Exercise objective:
Here are the records. Write out exactly the lines between the one holding "matrix rows/columns and" and the one holding "text \<open>Points of", inclusive.
..............................
(* For any symmetric design $P$: (1) $C_d$ is completely symmetric; (2) $\mathrm{tr}(C_d)=q_d^*$; (3) moreover, for any design $P$ (not necessarily symmetric) there exists a symmetric design with the same value of $q_d^*$.
   Context: Fix integers $p,t\ge2$, $n\ge1$ and a probability vector $\vec a=(a_1,\dots,a_p)$. Write $a_{jk}=\sum_{i=j}^ka_i$ ($a_{1,0}=0$, $a_{p+1,p}=0$), $\alpha_k=n^{-1}((n+1)a_k+a_{1,k-1}^{n+1}-a_{1k}^{n+1})$, $\beta_k=a_k+a_{k+1,p}a_{1k}^n-a_{kp}a_{1,k-1}^n$. $J_k$ is the $k\times k$ all-ones matrix, $B_k=I_k-J_k/k$, $B^k_p$ the $p\times p$ matrix with $B_k$ in its upper-left $k\times k$ block and zeros elsewhere; $A=\sum_k\alpha_kB^k_p$, $B=\sum_k\beta_kB^k_p$. $\mathcal S=\{1,\dots,t\}^p$; for $s=(t_1,\dots,t_p)$, $T_s$ is the $p\times t$ matrix with $(k,i)$ entry $1$ iff $t_k=i$, and $F_s$ the $p\times t$ matrix with zero first row and $(k,i)$ entry $1$ iff $t_{k-1}=i$ ($k\ge2$). A design is a probability vector $P=(p_s)_{s\in\mathcal S}$. With $\bar T=\sum_sp_sT_s$, $\bar F=\sum_sp_sF_s$: $C_{d11}=n(\sum_sp_sT_s'AT_s-\bar T'B\bar T)$, $C_{d12}=n(\sum_sp_sT_s'AF_s-\bar T'B\bar F)=C_{d21}'$, $C_{d22}=n(\sum_sp_sF_s'AF_s-\bar F'B\bar F)$, $C_d=C_{d11}-C_{d12}C_{d22}^-C_{d21}$. Let $\hat T_s=T_sB_t$, $\hat F_s=F_sB_t$, $q_{s11}=\mathrm{tr}(\hat T_s'A\hat T_s)$, $q_{s12}=\mathrm{tr}(\hat T_s'A\hat F_s)$, $q_{s22}=\mathrm{tr}(\hat F_s'A\hat F_s)$, $q_{dij}=n\sum_sp_sq_{sij}$, and $q_d^*=q_{d11}-q_{d12}^2/q_{d22}$ (equivalently $q_d^*=n\min_{x\in\mathbb R}\sum_sp_s(q_{s11}+2q_{s12}x+q_{s22}x^2)$). For a permutation $\sigma$ of $\{1,\dots,t\}$ let $\sigma s=(\sigma(t_1),\dots,\sigma(t_p))$; $P$ is symmetric if $p_{\sigma s}=p_s$ for all $\sigma$ and $s$. A $t\times t$ matrix is completely symmetric if it is of the form $aI_t+bJ_t$. *)

theory Defs
  imports Complex_Main "Jordan_Normal_Form.Matrix"
begin

(* Conventions: the probability vector a is indexed 1..p (a :: nat => real);
   matrix rows/columns and treatment labels are 0-based (treatments 0..t-1,
   periods 0..p-1). *)

definition mtrace :: "real mat \<Rightarrow> real" where
  "mtrace M = (\<Sum>i<dim_row M. M $$ (i, i))"
(* Let $\mathcal{CL}=\{\ell_1,\dots,\ell_n,C_1,\dots,C_k\}\subset\mathbb{P}^2_{\mathbb{C}}$ be a conic-line arrangement with $n\geq 3$ and $k\geq 3$ such that $t_{n+k}=0$. Then the Levi graph $H$ of $\mathcal{CL}$ contains an induced cycle of length $6$.
   Context: A conic-line arrangement $\mathcal{CL}=\{\ell_1,\dots,\ell_n,C_1,\dots,C_k\}$ is an arrangement of $n$ lines and $k$ smooth conics in $\mathbb{P}^2_{\mathbb{C}}$ having only ordinary singularities, i.e. every intersection point looks locally like $\{x^a=y^a\}$ for some integer $a\geq 2$. For $r\geq 2$, $t_r$ denotes the number of points of $\mathrm{Sing}(\mathcal{CL})$ lying on exactly $r$ curves of $\mathcal{CL}$; thus $t_{n+k}=0$ means no point lies on all curves. The Levi graph $H$ is the bipartite graph with one vertex for each point $p\in\mathrm{Sing}(\mathcal{CL})$, one vertex for each line and each conic, and an edge between the vertex of $p$ and the vertex of a curve iff $p$ lies on that curve. *)

theory Defs
  imports "HOL-Analysis.Analysis"
begin

text \<open>Points of the complex projective plane are represented by nonzero vectors of
  complex^3 (homogeneous coordinates); the projective point of p is the class pt p.
  A line is given by a nonzero coefficient vector a (equation a0 x + a1 y + a2 z = 0);
  a conic by a symmetric 3x3 matrix Q (equation p^T Q p = 0), smooth iff det Q is nonzero.
  Curves of the arrangement are indexed by Inl i (line i, i < n) and Inr j (conic j, j < k).\<close>

definition pt :: "complex^3 \<Rightarrow> (complex^3) set" where
  "pt p = {c *s p | c. c \<noteq> 0}"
..............................
Answer to the problem:
   matrix rows/columns and treatment labels are 0-based (treatments 0..t-1,
   periods 0..p-1). *)

definition mtrace :: "real mat \<Rightarrow> real" where
  "mtrace M = (\<Sum>i<dim_row M. M $$ (i, i))"
(* Let $\mathcal{CL}=\{\ell_1,\dots,\ell_n,C_1,\dots,C_k\}\subset\mathbb{P}^2_{\mathbb{C}}$ be a conic-line arrangement with $n\geq 3$ and $k\geq 3$ such that $t_{n+k}=0$. Then the Levi graph $H$ of $\mathcal{CL}$ contains an induced cycle of length $6$.
   Context: A conic-line arrangement $\mathcal{CL}=\{\ell_1,\dots,\ell_n,C_1,\dots,C_k\}$ is an arrangement of $n$ lines and $k$ smooth conics in $\mathbb{P}^2_{\mathbb{C}}$ having only ordinary singularities, i.e. every intersection point looks locally like $\{x^a=y^a\}$ for some integer $a\geq 2$. For $r\geq 2$, $t_r$ denotes the number of points of $\mathrm{Sing}(\mathcal{CL})$ lying on exactly $r$ curves of $\mathcal{CL}$; thus $t_{n+k}=0$ means no point lies on all curves. The Levi graph $H$ is the bipartite graph with one vertex for each point $p\in\mathrm{Sing}(\mathcal{CL})$, one vertex for each line and each conic, and an edge between the vertex of $p$ and the vertex of a curve iff $p$ lies on that curve. *)

theory Defs
  imports "HOL-Analysis.Analysis"
begin

text \<open>Points of the complex projective plane are represented by nonzero vectors of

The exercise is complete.